UK unveils £330 billion lifeline for firms hit by coronavirus

LONDON (Reuters) – Britain will unveil more help for businesses hurt by the coronavirus outbreak on Tuesday after the government told people to avoid pubs, clubs, restaurants, cinemas and theatres, raising the risk of companies collapsing.

Commuters walk through Canary Wharf, as the number of coronavirus cases grow around the world, in London, Britain March 16, 2020. REUTERS/Dylan Martinez

Finance minister Rishi Sunak, who last week announced support for business alongside emergency moves by the Bank of England, is expected to announce new measures at a daily government news conference, a ministry source said.

In his first budget statement to parliament last week, Sunak promised 30 billion pounds ($37 billion) of measures to support public healthcare, affected businesses and provide broader economic stimulus in the face of the coronavirus.

Britain’s independent budget office said there was a “very good argument” for the government to act as insurer against coronavirus losses and any attempt to forecast what would happen to the economy in the next year or two was “pie in the sky”.

Adam Marshall, director general of the British Chambers of Commerce, said the government needed to act further.

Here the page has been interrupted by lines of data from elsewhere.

(* As $t\to\infty$, $\mathrm{Prob}\big([Z^{(1)}_t-\alpha,Z^{(1)}_t+\alpha]\cap\mathbb N\subseteq D\big)\to1$.
   Context: Fix $\alpha\ge 2$. Let $(\xi_0(z))_{z\in\mathbb Z}$ be i.i.d. Pareto with $\mathrm{Prob}(\xi_0(z)>x)=x^{-\alpha}$, $x\ge1$. Let $p:\mathbb N\to[0,1]$ be eventually nondecreasing with $p(n)\to1$, $q=1-p$. Define $\xi(n)=\xi_0(n)$ for $n\ge0$ and, independently for each $n\ge1$, $\xi(-n)=\xi_0(n)$ with probability $p(n)$, $\xi(-n)=\xi_0(-n)$ with probability $q(n)$. Let $D=\{z\in\mathbb N_0:\xi(z)=\xi(-z)\}$, $\Psi_t(z)=\xi(z)-\frac{|z|}{t}\log\xi(z)$, and $Z^{(1)}_t$ a maximiser of $\Psi_t$ over $D$. *)

theory Defs
  imports "HOL-Probability.Probability"
begin

definition xi :: "(int \<Rightarrow> 'a \<Rightarrow> real) \<Rightarrow> (nat \<Rightarrow> 'a \<Rightarrow> bool) \<Rightarrow> int \<Rightarrow> 'a \<Rightarrow> real" where
  "xi xi0 coin z \<omega> =
     (if z \<ge> 0 then xi0 z \<omega>
      else if coin (nat (- z)) \<omega> then xi0 (- z) \<omega> else xi0 z \<omega>)"

definition Dset :: "(int \<Rightarrow> 'a \<Rightarrow> real) \<Rightarrow> (nat \<Rightarrow> 'a \<Rightarrow> bool) \<Rightarrow> 'a \<Rightarrow> nat set" where
  "Dset xi0 coin \<omega> = {z. xi xi0 coin (int z) \<omega> = xi xi0 coin (- int z) \<omega>}"

definition Psi :: "(int \<Rightarrow> 'a \<Rightarrow> real) \<Rightarrow> (nat \<Rightarrow> 'a \<Rightarrow> bool) \<Rightarrow> real \<Rightarrow> nat \<Rightarrow> 'a \<Rightarrow> real" where
  "Psi xi0 coin t z \<omega> = xi xi0 coin (int z) \<omega> - real z / t * ln (xi xi0 coin (int z) \<omega>)"

definition is_max_D :: "(int \<Rightarrow> 'a \<Rightarrow> real) \<Rightarrow> (nat \<Rightarrow> 'a \<Rightarrow> bool) \<Rightarrow> real \<Rightarrow> 'a \<Rightarrow> nat \<Rightarrow> bool" where
  "is_max_D xi0 coin t \<omega> z \<longleftrightarrow> z \<in> Dset xi0 coin \<omega> \<and>
     (\<forall>y \<in> Dset xi0 coin \<omega>. Psi xi0 coin t y \<omega> \<le> Psi xi0 coin t z \<omega>)"

definition good_event :: "(int \<Rightarrow> 'a \<Rightarrow> real) \<Rightarrow> (nat \<Rightarrow> 'a \<Rightarrow> bool) \<Rightarrow> real \<Rightarrow> real \<Rightarrow> 'a \<Rightarrow> bool" where
  "good_event xi0 coin \<alpha> t \<omega> \<longleftrightarrow>
     (\<exists>z. is_max_D xi0 coin t \<omega> z) \<and>
     (\<forall>z. is_max_D xi0 coin t \<omega> z \<longrightarrow>
        (\<forall>y::nat. 1 \<le> y \<and> real z - \<alpha> \<le> real y \<and> real y \<le> real z + \<alpha> \<longrightarrow> y \<in> Dset xi0 coin \<omega>))"

end

theory Submission
  imports Defs
begin

text \<open>
  A site y \<notin> D lying within \<alpha> of a maximiser Z forces the event near_max_off at y: the maximiser
  of \<Psi> over D - {y} lies within \<alpha> of y. This event does not involve the coin at y, so
  together with the coin at y showing "off" it has probability (1 - p y) times its own.
  Without ties in \<Psi>, all y with near_max_off lie within \<alpha> of the unique maximiser, so these
  probabilities sum to at most 2\<lceil>\<alpha>\<rceil> + 1 and the sites y \<ge> n contribute at most
  (2\<lceil>\<alpha>\<rceil> + 1) sup {1 - p y | y \<ge> n}. It remains to see that Z eventually leaves every window
  [0, K): with high probability some far site has its coin on and xi0 just above the maximum of
  xi0 on [0, K), and for large t its \<Psi> beats everything in [0, K). Ties have probability zero by
  independence and the absence of atoms, and maximisers exist since, by Borel--Cantelli, only
  finitely many z have \<Psi> above 1.
\<close>

section \<open>The function v - c ln v\<close>

lemma strict_mono_on_minus_mult_ln:
  fixes c :: real
  assumes "0 \<le> c"
  shows "strict_mono_on {c..} (\<lambda>v. v - c * ln v)"
proof (rule strict_mono_onI)
  fix u v assume uv: "u \<in> {c..}" "v \<in> {c..}" "u < v"
  show "u - c * ln u < v - c * ln v"
  proof (cases "c = 0")
    case False
    then have u: "0 < u" using assms uv by auto
    have "c * (ln v - ln u) < c * ((v - u) / u)"
      using ln_diff_less[of v u] u uv False assms by (intro mult_strict_left_mono) auto
    also have "\<dots> = (v - u) * (c / u)" by simp
    also have "\<dots> \<le> v - u"
      using u uv by (intro mult_left_le) auto
    finally show ?thesis by (simp add: algebra_simps)
  qed (use uv in simp)
qed

lemma strict_antimono_on_minus_mult_ln:
  fixes c :: real
  shows "strict_antimono_on {0<..c} (\<lambda>v. v - c * ln v)"
proof (rule monotone_onI)
  fix u v assume uv: "u \<in> {0<..c}" "v \<in> {0<..c}" "u < v"
  have "c * ((v - u) / v) < c * (ln v - ln u)"
    using ln_diff_less[of u v] uv by (intro mult_strict_left_mono) (auto simp: field_simps)
  moreover have "v - u \<le> (v - u) * (c / v)"
    using uv by (intro mult_le_cancel_left1[THEN iffD2]) (auto simp: field_simps)
  ultimately show "v - c * ln v < u - c * ln u" by (simp add: algebra_simps)
qed

lemma finite_level_set_minus_mult_ln:
  fixes c r :: real
  assumes "0 \<le> c"
  shows "finite {v. 0 < v \<and> v - c * ln v = r}"
proof -
  let ?f = "\<lambda>v. v - c * ln v"
  have "inj_on ?f {c..}"
    using strict_mono_on_minus_mult_ln[OF assms] by (rule strict_mono_on_imp_inj_on)
  moreover have "inj_on ?f {0<..c}"
    using strict_antimono_on_minus_mult_ln strict_antimono_iff_antimono by blast
  ultimately have "finite (?f -` {r} \<inter> {c..} \<union> ?f -` {r} \<inter> {0<..c})"
    by (auto intro: finite_vimage_IntI)
  then show ?thesis by (rule finite_subset[rotated]) auto
qed

lemma minus_mult_ln_le_1:
  fixes c x :: real
  assumes "1 \<le> x" "x \<le> c"
  shows "x - c * ln x \<le> 1"
  using strict_antimono_on_minus_mult_ln[of c] assms
  by (cases "x = 1") (auto dest: monotone_onD[of _ _ _ _ 1 x])

section \<open>Deterministic facts about maximisers\<close>

lemma xi_of_nat [simp]: "xi xi0 coin (int z) \<omega> = xi0 (int z) \<omega>"
  by (simp add: xi_def)

lemma Psi_of_nat: "Psi xi0 coin t z \<omega> = xi0 (int z) \<omega> - real z / t * ln (xi0 (int z) \<omega>)"
  by (simp add: Psi_def)

lemma mem_Dset_iff:
  "z \<in> Dset xi0 coin \<omega> \<longleftrightarrow> z = 0 \<or> coin z \<omega> \<or> xi0 (int z) \<omega> = xi0 (- int z) \<omega>"
  by (cases "z = 0") (auto simp: Dset_def xi_def)

text \<open>Injectivity of \<Psi> on the naturals, written without the coins (on which \<Psi> does not depend
  there) so that the independence argument at a single coin can ignore it.\<close>
definition Psi_distinct :: "(int \<Rightarrow> 'a \<Rightarrow> real) \<Rightarrow> real \<Rightarrow> 'a \<Rightarrow> bool" where
  "Psi_distinct xi0 t \<omega> \<longleftrightarrow> inj (\<lambda>z::nat. xi0 (int z) \<omega> - real z / t * ln (xi0 (int z) \<omega>))"

definition near_max_off ::
    "real \<Rightarrow> (int \<Rightarrow> 'a \<Rightarrow> real) \<Rightarrow> (nat \<Rightarrow> 'a \<Rightarrow> bool) \<Rightarrow> real \<Rightarrow> nat \<Rightarrow> 'a \<Rightarrow> bool" where
  "near_max_off \<alpha> xi0 coin t y \<omega> \<longleftrightarrow> (\<exists>z. \<bar>real z - real y\<bar> \<le> \<alpha> \<and> z \<in> Dset xi0 coin \<omega> - {y} \<and>
      (\<forall>w \<in> Dset xi0 coin \<omega> - {y}. Psi xi0 coin t w \<omega> \<le> Psi xi0 coin t z \<omega>))"

definition coin_off :: "nat \<Rightarrow> (nat \<Rightarrow> 'a \<Rightarrow> bool) \<Rightarrow> nat \<Rightarrow> 'a \<Rightarrow> bool" where
  "coin_off y coin n \<omega> \<longleftrightarrow> n \<noteq> y \<and> coin n \<omega>"

lemma near_max_off_coin_off:
  "near_max_off \<alpha> xi0 (coin_off y coin) t y \<omega> = near_max_off \<alpha> xi0 coin t y \<omega>"
proof -
  have "Dset xi0 (coin_off y coin) \<omega> - {y} = Dset xi0 coin \<omega> - {y}"
    by (auto simp: mem_Dset_iff coin_off_def)
  then show ?thesis by (simp add: near_max_off_def Psi_def)
qed

lemma near_max_off_comp:
  "near_max_off \<alpha> xi0 coin t y (h \<omega>) = near_max_off \<alpha> (\<lambda>z \<omega>. xi0 z (h \<omega>)) (\<lambda>n \<omega>. coin n (h \<omega>)) t y \<omega>"
  by (simp add: near_max_off_def Dset_def Psi_def xi_def)

lemma Psi_distinct_comp: "Psi_distinct xi0 t (h \<omega>) = Psi_distinct (\<lambda>z \<omega>. xi0 z (h \<omega>)) t \<omega>"
  by (simp add: Psi_distinct_def)

lemma is_max_D_exists:
  assumes "1 < xi0 0 \<omega>" and "finite {z. 1 < Psi xi0 coin t z \<omega>}"
  shows "\<exists>z. is_max_D xi0 coin t \<omega> z"
proof -
  let ?P = "\<lambda>z. Psi xi0 coin t z \<omega>"
  define S where "S = {z \<in> Dset xi0 coin \<omega>. ?P 0 \<le> ?P z}"
  have "?P 0 = xi0 0 \<omega>" by (simp add: Psi_def xi_def)
  then have "finite S"
    using assms by (auto simp: S_def intro: finite_subset[OF _ assms(2)])
  moreover have "0 \<in> S" by (simp add: S_def mem_Dset_iff)
  ultimately obtain z where z: "z \<in> S" "?P z = Max (?P ` S)"
    using Max_in[of "?P ` S"] by (metis (no_types, lifting) empty_iff finite_imageI image_iff image_is_empty)
  have "?P y \<le> ?P z" if "y \<in> Dset xi0 coin \<omega>" for y
  proof (cases "y \<in> S")
    case True then show ?thesis using z \<open>finite S\<close> by simp
  next
    case False then show ?thesis using that z(1) by (auto simp: S_def)
  qed
  then show ?thesis using z(1) unfolding is_max_D_def S_def by blast
qed

lemma good_event_if_maximisers_far:
  assumes "1 < xi0 0 \<omega>" and "finite {z. 1 < Psi xi0 coin t z \<omega>}"
    and far: "\<And>z. is_max_D xi0 coin t \<omega> z \<Longrightarrow> real n + \<alpha> \<le> real z"
    and no_bad: "\<And>y. n \<le> y \<Longrightarrow> coin y \<omega> \<or> \<not> near_max_off \<alpha> xi0 coin t y \<omega>"
  shows "good_event xi0 coin \<alpha> t \<omega>"
  unfolding good_event_def
proof (intro conjI allI impI)
  show "\<exists>z. is_max_D xi0 coin t \<omega> z" using is_max_D_exists[OF assms(1,2)] .
  fix z y assume z: "is_max_D xi0 coin t \<omega> z"
    and y: "1 \<le> y \<and> real z - \<alpha> \<le> real y \<and> real y \<le> real z + \<alpha>"
  show "y \<in> Dset xi0 coin \<omega>"
  proof (rule ccontr)
    assume y_notin: "y \<notin> Dset xi0 coin \<omega>"
    then have "near_max_off \<alpha> xi0 coin t y \<omega>"
      using z y unfolding near_max_off_def is_max_D_def by (intro exI[of _ z]) (auto simp: abs_le_iff)
    moreover have "\<not> coin y \<omega>" using y_notin by (auto simp: mem_Dset_iff)
    moreover have "n \<le> y" using far[OF z] y by linarith
    ultimately show False using no_bad by blast
  qed
qed

lemma is_max_D_exists_if_near_max_off:
  assumes "near_max_off \<alpha> xi0 coin t y \<omega>"
  shows "\<exists>z. is_max_D xi0 coin t \<omega> z"
proof -
  let ?P = "\<lambda>z. Psi xi0 coin t z \<omega>" and ?D = "Dset xi0 coin \<omega>"
  obtain z where z: "z \<in> ?D - {y}" "\<forall>w \<in> ?D - {y}. ?P w \<le> ?P z"
    using assms unfolding near_max_off_def by blast
  show ?thesis
  proof (cases "y \<in> ?D \<and> ?P z < ?P y")
    case True
    then have "is_max_D xi0 coin t \<omega> y"
      using z unfolding is_max_D_def by (metis Diff_iff less_eq_real_def order_trans singletonD)
    then show ?thesis ..
  next
    case False
    then have "is_max_D xi0 coin t \<omega> z"
      using z unfolding is_max_D_def by (metis Diff_iff not_less singletonD)
    then show ?thesis ..
  qed
qed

“Government has got to do more on the upfront costs facing businesses. Banks have got to do more to get support to the front line. And also I think the UK has to do more to coordinate a global economic response,” he told the BBC.

Suspension of tax bills would be the most useful immediate step, he said.

French President Emmanuel Macron said his government would guarantee 300 billion euros worth of loans, and promised that no French company would be allowed to collapse.


British companies have already been hit by the latest crisis. The world’s biggest catering firm Compass Group (CPG.L) warned on Tuesday that its half-yearly operating profit would be lower than expected.

Johnson is under pressure to clarify whether he plans to formally order pubs and theatres to close after telling the public to avoid these businesses.

Business owners said the announcement would destroy demand, but unless the government mandated their closure they would be unable to claim on insurance policies.

“You can’t tell the nation to avoid ‘pubs and clubs’ and not officially ‘close us’ so that we can claim our insurance. Please help,” said Fraser Carruthers, who co-owns nightclubs, including Mahiki, which was popular with younger members of the royal family.

Emma McClarkin, chief executive of the British Beer and Pub Association, said the pub industry would be lost within days without government help.

The City Pub Group, which owns pubs across Britain, set out a range of cost-saving measures such as cutting sports shown in pubs and trading hours.

New Bank of England Governor Andrew Bailey promised more “prompt action” on Monday, less than a week after an emergency rate cut by the BoE as the scale of the coronavirus hit to the economy became clearer.

Investors are watching for another rate cut, possibly before the BoE’s next scheduled announcement on March 26, even though its room for manoeuvre has been reduced by last week’s action when its benchmark lending rate was cut to 0.25%.

The central bank is also expected to expand its 435 billion-pound government bond buying programme.

“We expect more easing on the monetary and fiscal fronts,” JP Morgan economist Allan Monks said. “These actions will cushion the economic hit rather than meaningfully offset it.”